Let's analyze three cases:
-
Case 1: x < -5
- |x + 5| = -(x + 5) = -x - 5
- |x - 3| = -(x - 3) = -x + 3
- a = -x - 5 - x + 3 = -2x - 2
-
Case 2: -5 ≤ x ≤ 3
- |x + 5| = x + 5
- |x - 3| = -(x - 3) = -x + 3
- a = x + 5 - x + 3 = 8
-
Case 3: x > 3
- |x + 5| = x + 5
- |x - 3| = x - 3
- a = x + 5 + x - 3 = 2x + 2
In Case 2, we see that a = 8, which is a natural number. Now, we need to show that 'a' is a natural number in Cases 1 and 3 as well.

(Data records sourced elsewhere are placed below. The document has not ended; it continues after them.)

(* (a) There exist an absolute constant $C_0$ and, for every $n\ge1$, a deterministic exploration algorithm which, knowing only $n$ (and neither $k$ nor any bound on the period), solves PVG-Exploration of every feasible PV graph with distinct site identifiers and $n$ sites (homogeneous or heterogeneous, arbitrary routes), performing at most $C_0\,k\,p^2$ moves, where $k$ is the number of carriers and $p$ the period. (b) There exist an absolute constant $C_0$ and, for every $n\ge1$, a deterministic exploration algorithm which, knowing only $n$ and that the system is homogeneous, solves PVG-Exploration of every feasible homogeneous PV graph with distinct site identifiers and $n$ sites, performing at most $C_0\,k\,p$ moves.
   Context: A PV (periodically varying) system consists of a finite set $S$ of $n$ sites and a set $C$ of $k\le n$ carriers. Each carrier $c$ has a distinct identifier and a route $\pi(c)=\langle x_0,\dots,x_{p(c)-1}\rangle$, a finite sequence of sites (repetitions allowed) of length $p(c)\ge 1$ called its period; $\pi(c)[j]=x_{j \bmod p(c)}$. At each time $t\in\mathbb{N}$ carrier $c$ is at site $\pi(c)[t]$ and moves to $\pi(c)[t+1]$. The PV graph $\vec G_R$ is the directed edge-labelled multigraph on $S$ with edges $(x_i,x_{i+1},i)$, $0\le i<p(c)$, for every carrier. Its period is $p=\max_{c}p(c)$; it is homogeneous if all periods are equal, heterogeneous otherwise. In a system with ids the sites have distinct identifiers. An exploring agent is injected at time $0$ at a site of $\mathrm{start}(\vec G_R)=\{\pi(c)[0]:c\in C\}$. If at time $t$ the agent is at site $x$, it must either choose a carrier $c$ with $\pi(c)[t]=x$ and ride with it to $\pi(c)[t+1]$ (one move), or halt and exit; it cannot wait at a site. At each time the agent observes the identifiers of the carriers present at its current site and the identifier of that site. An exploration algorithm is a deterministic rule mapping the agent's a priori knowledge and history of observations to its next action. An algorithm solves PVG-Exploration of $\vec G_R$ if from every injection site the agent visits every site of $S$ and halts after finitely many moves. $\vec G_R$ is feasible if from the starting point of every carrier there exists a walk realizable by the agent (riding carriers and switching between carriers at the same site at the same time) visiting all sites. *)

theory Defs
  imports Main
begin

record pvsys =
  sites :: "nat set"
  carriers :: "nat set"
  route :: "nat \<Rightarrow> nat list"

definition pv_wf :: "pvsys \<Rightarrow> bool" where
  "pv_wf R \<longleftrightarrow> finite (sites R) \<and> finite (carriers R) \<and> carriers R \<noteq> {}
     \<and> card (carriers R) \<le> card (sites R)
     \<and> (\<forall>c\<in>carriers R. route R c \<noteq> [] \<and> set (route R c) \<subseteq> sites R)"

definition at :: "pvsys \<Rightarrow> nat \<Rightarrow> nat \<Rightarrow> nat" where
  "at R c t = route R c ! (t mod length (route R c))"

definition period :: "pvsys \<Rightarrow> nat" where
  "period R = Max ((\<lambda>c. length (route R c)) ` carriers R)"

definition homogeneous :: "pvsys \<Rightarrow> bool" where
  "homogeneous R \<longleftrightarrow> (\<forall>c\<in>carriers R. \<forall>d\<in>carriers R. length (route R c) = length (route R d))"

definition start :: "pvsys \<Rightarrow> nat set" where
  "start R = (\<lambda>c. at R c 0) ` carriers R"

definition feasible :: "pvsys \<Rightarrow> bool" where
  "feasible R \<longleftrightarrow> (\<forall>x0\<in>start R. \<exists>m y. y 0 = x0
     \<and> (\<forall>i<m. \<exists>c\<in>carriers R. at R c i = y i \<and> at R c (Suc i) = y (Suc i))
     \<and> sites R \<subseteq> y ` {..m})"

text \<open>Agent actions and observations. At time t the agent observes the identifier of its
  current site and the identifiers of the carriers present there.\<close>
datatype action = Halt | Ride nat

type_synonym obs = "nat \<times> nat set"
type_synonym algorithm = "obs list \<Rightarrow> action"

definition observe :: "pvsys \<Rightarrow> nat \<Rightarrow> nat \<Rightarrow> obs" where
  "observe R x t = (x, {c \<in> carriers R. at R c t = x})"

text \<open>History of observations up to and including time t (length t+1) of the agent
  running algorithm A, injected at x0.\<close>
fun hist :: "pvsys \<Rightarrow> algorithm \<Rightarrow> nat \<Rightarrow> nat \<Rightarrow> obs list" where
  "hist R A x0 0 = [observe R x0 0]"
| "hist R A x0 (Suc t) =
     (let h = hist R A x0 t;
          x = (case A h of Ride c \<Rightarrow> at R c (Suc t) | Halt \<Rightarrow> fst (last h))
      in h @ [observe R x (Suc t)])"

definition agent_pos :: "pvsys \<Rightarrow> algorithm \<Rightarrow> nat \<Rightarrow> nat \<Rightarrow> nat" where
  "agent_pos R A x0 t = fst (last (hist R A x0 t))"

definition explores_within :: "pvsys \<Rightarrow> algorithm \<Rightarrow> nat \<Rightarrow> bool" where
  "explores_within R A B \<longleftrightarrow> (\<forall>x0\<in>start R. \<exists>m\<le>B.
     (\<forall>t<m. \<exists>c\<in>carriers R. A (hist R A x0 t) = Ride c \<and> at R c t = agent_pos R A x0 t)
     \<and> A (hist R A x0 m) = Halt
     \<and> sites R \<subseteq> agent_pos R A x0 ` {..m})"

end

theory Submission
  imports Defs
begin

(* Both bounds follow from one algorithm and one estimate.  Call L a common period of a PV
   system if every two carriers have a common period of length at most L; in general
   p^2 is one (the product of the two route lengths), in a homogeneous system p is one.

   It performs a depth-first search of the graph whose vertices
   are the carriers and whose edges are meetings, under a guess T of the common period:
   it scans the current carrier for T steps to record the carriers it meets, and waits at
   most T steps for a chosen neighbour (or the parent) to come along.  When a wait fails
   or the search is over, it starts again with guess 2T.  It halts as soon as it has seen
   n distinct sites.  Once T is at least L every scan is complete and no wait fails, so by
   feasibility the search of that phase visits every site (lemma search_complete).
   A potential that drops at every step of a phase and is at most 5KT at its start bounds
   the total running time by 20 K L (lemma covered_within). *)

section \<open>Periodic sequences\<close>

lemma residue_in_window:
  assumes "0 < L" "L \<le> T" "T \<le> Suc u" "r < L"
  shows "\<exists>j<T. (u - j) mod L = r"
proof -
  define j where "j = (u + L - r) mod L"
  have jL: "j < L" using assms by (simp add: j_def)
  have ju: "j \<le> u" using jL assms by linarith
  have ij: "int j = (int u + int L - int r) mod int L"
    using assms by (simp add: j_def zmod_int of_nat_diff)
  have "int ((u - j) mod L) = (int u - (int u + int L - int r) mod int L) mod int L"
    using ju ij by (simp add: zmod_int of_nat_diff)
  also have "\<dots> = (int u - (int u + int L - int r)) mod int L" by (simp add: mod_diff_right_eq)
  also have "\<dots> = int r" using assms by (simp add: mod_pos_pos_trivial)
  finally have "(u - j) mod L = r" by simp
  then show ?thesis using jL assms by (intro exI[of _ j]) auto
qed

lemma periodic_mod:
  assumes per: "\<And>t. f (t + L) = f t"
  shows "f t = f (t mod (L::nat))"
proof -
  have "f (r + L * q) = f r" for q r
  proof (induction q)
    case (Suc q)
    have "f (r + L * Suc q) = f ((r + L * q) + L)" by (simp add: algebra_simps)
    then show ?case using Suc per by simp
  qed simp
  then show ?thesis by (metis mod_div_mult_eq mult.commute)
qed

text \<open>A sequence of period L takes each of its values within any window of
  T \<ge> L consecutive times.  This is why a scan of length at least the period
  sees everything a carrier will ever meet.\<close>
lemma periodic_window:
  fixes f :: "nat \<Rightarrow> 'a"
  assumes per: "\<And>t. f (t + L) = f t" and "0 < L" "L \<le> T" "T \<le> Suc u"
  shows "\<exists>j<T. f (u - j) = f t0"
proof -
  obtain j where j: "j < T" "(u - j) mod L = t0 mod L"
    using residue_in_window[of L T u "t0 mod L"] assms(2-4) by auto
  have mod_eq: "f t = f (t mod L)" for t by (rule periodic_mod) (rule per)
  have "f (u - j) = f ((u - j) mod L)" by (rule mod_eq)
  also have "\<dots> = f t0" using j(2) mod_eq[of t0] by simp
  finally show ?thesis using j(1) by blast
qed

lemma pow2_bracket:
  assumes "1 \<le> (L::nat)"
  shows "\<exists>J. L \<le> 2^J \<and> 2^J \<le> 2*L"
proof -
  have ex: "\<exists>J. L \<le> 2^J" using less_exp[of L] by (intro exI[of _ L]) simp
  define J where "J = (LEAST J. L \<le> 2^J)"
  have J1: "L \<le> 2^J" unfolding J_def using LeastI_ex[OF ex] .
  have "2^J \<le> 2*L"
  proof (cases J)
    case 0 then show ?thesis using assms by simp
  next
    case (Suc J')
    have "\<not> L \<le> 2^J'" using not_less_Least[of J' "\<lambda>J. L \<le> 2^J"] Suc unfolding J_def by simp
    then show ?thesis using Suc by simp
  qed
  then show ?thesis using J1 by blast
qed

lemma double_pow2_le:
  assumes "T = (2::nat)^a" "T < 2^J"
  shows "2*T \<le> 2^J"
proof -
  have "a < J" using assms power_strict_increasing_iff[of "2::nat" a J] by simp
  hence "(2::nat)^(Suc a) \<le> 2^J" by (intro power_increasing) simp_all
  then show ?thesis using assms(1) by simp
qed

definition meet :: "pvsys \<Rightarrow> nat \<Rightarrow> nat \<Rightarrow> bool" where
  "meet R c e \<longleftrightarrow> (\<exists>t. at R c t = at R e t)"

definition linked :: "pvsys \<Rightarrow> nat \<Rightarrow> nat \<Rightarrow> bool" where
  "linked R c e \<longleftrightarrow> c \<in> carriers R \<and> e \<in> carriers R \<and> meet R c e"

fun chain :: "pvsys \<Rightarrow> nat list \<Rightarrow> bool" where
  "chain R (a # b # r) = (meet R a b \<and> chain R (b # r))"
| "chain R _ = True"

lemma meet_sym: "meet R c e = meet R e c"
  unfolding meet_def by metis

lemma linked_sym: "(linked R)\<inverse>\<inverse> = linked R"
  by (auto simp: linked_def meet_sym fun_eq_iff)

lemma at_in_route: "c \<in> carriers R \<Longrightarrow> pv_wf R \<Longrightarrow> at R c t \<in> set (route R c)"
  unfolding at_def pv_wf_def by auto

lemma at_period: "at R c (t + length (route R c) * q) = at R c t"
  unfolding at_def by simp

text \<open>common_period R L: every two carriers share a period of length at most
  L.  This is all the exploration algorithm needs to know about the routes.\<close>
definition common_period :: "pvsys \<Rightarrow> nat \<Rightarrow> bool" where
  "common_period R Lm \<longleftrightarrow> (\<forall>c\<in>carriers R. \<forall>d\<in>carriers R. \<exists>L. 0 < L \<and> L \<le> Lm \<and>
      (\<forall>t. at R c (t+L) = at R c t \<and> at R d (t+L) = at R d t))"

lemma length_route_le_period: "pv_wf R \<Longrightarrow> c \<in> carriers R \<Longrightarrow> length (route R c) \<le> period R"
  unfolding period_def pv_wf_def by (auto intro: Max_ge)

lemma length_route_pos: "pv_wf R \<Longrightarrow> c \<in> carriers R \<Longrightarrow> 0 < length (route R c)"
  unfolding pv_wf_def by auto

text \<open>In general the product of two periods is a common period.\<close>
lemma common_period_general:
  assumes "pv_wf R" shows "common_period R (period R ^ 2)"
  unfolding common_period_def
proof (intro ballI)
  fix c d assume c: "c \<in> carriers R" and d: "d \<in> carriers R"
  let ?L = "length (route R c) * length (route R d)"
  have "0 < ?L" using length_route_pos[OF assms c] length_route_pos[OF assms d] by simp
  moreover have "?L \<le> period R ^ 2"
    using length_route_le_period[OF assms c] length_route_le_period[OF assms d]
    by (simp add: power2_eq_square mult_le_mono)
  moreover have "\<forall>t. at R c (t + ?L) = at R c t \<and> at R d (t + ?L) = at R d t"
    using at_period[of R c _ "length (route R d)"] at_period[of R d _ "length (route R c)"]
    by (simp add: mult.commute)
  ultimately show "\<exists>L>0. L \<le> period R ^ 2 \<and>
      (\<forall>t. at R c (t + L) = at R c t \<and> at R d (t + L) = at R d t)"
    by blast
qed

lemma common_period_homogeneous:
  assumes "pv_wf R" "homogeneous R" shows "common_period R (period R)"
  unfolding common_period_def
proof (intro ballI)
  fix c d assume c: "c \<in> carriers R" and d: "d \<in> carriers R"
  let ?L = "length (route R c)"
  have eq: "length (route R d) = ?L" using assms(2) c d unfolding homogeneous_def by metis
  have "0 < ?L" using length_route_pos[OF assms(1) c] by simp
  moreover have "?L \<le> period R" using length_route_le_period[OF assms(1) c] .
  moreover have "\<forall>t. at R c (t + ?L) = at R c t \<and> at R d (t + ?L) = at R d t"
    using at_period[of R c _ 1] at_period[of R d _ 1] eq by simp
  ultimately show "\<exists>L>0. L \<le> period R \<and>
      (\<forall>t. at R c (t + L) = at R c t \<and> at R d (t + L) = at R d t)"
    by blast
qed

- Case 1 (x < -5): Since x < -5, -2x > 10, and -2x - 2 > 8. So, 'a' will be a natural number greater than 8. For example if x = -6, a = -2(-6) - 2 = 10. If x = -10, a = -2(-10) - 2 = 18. This shows a ∈ N.
- Case 3 (x > 3): Since x > 3, 2x > 6, and 2x + 2 > 8. So, 'a' will be a natural number greater than 8. For example if x = 4, a = 2(4) + 2 = 10. If x = 10, a = 2(10) + 2 = 22. This shows a ∈ N.
Thus, in all three cases, we've shown that a ∈ N.
Key Takeaway: Remember the crucial identity √(x^2) = |x|. This allows you to transform square root problems into absolute value problems, which you can then solve using the case-by-case analysis we discussed earlier. Also, don't forget to analyze the results in each case to ensure they meet the given conditions.
Final Thoughts
Guys, these types of problems might seem challenging at first, but with a clear understanding of absolute values and square roots, and a systematic approach, you can conquer them! Remember to break down the problems into manageable cases, consider the signs of the expressions inside absolute values, and use the properties of square roots to simplify the expressions. Keep practicing, and you'll become a math whiz in no time!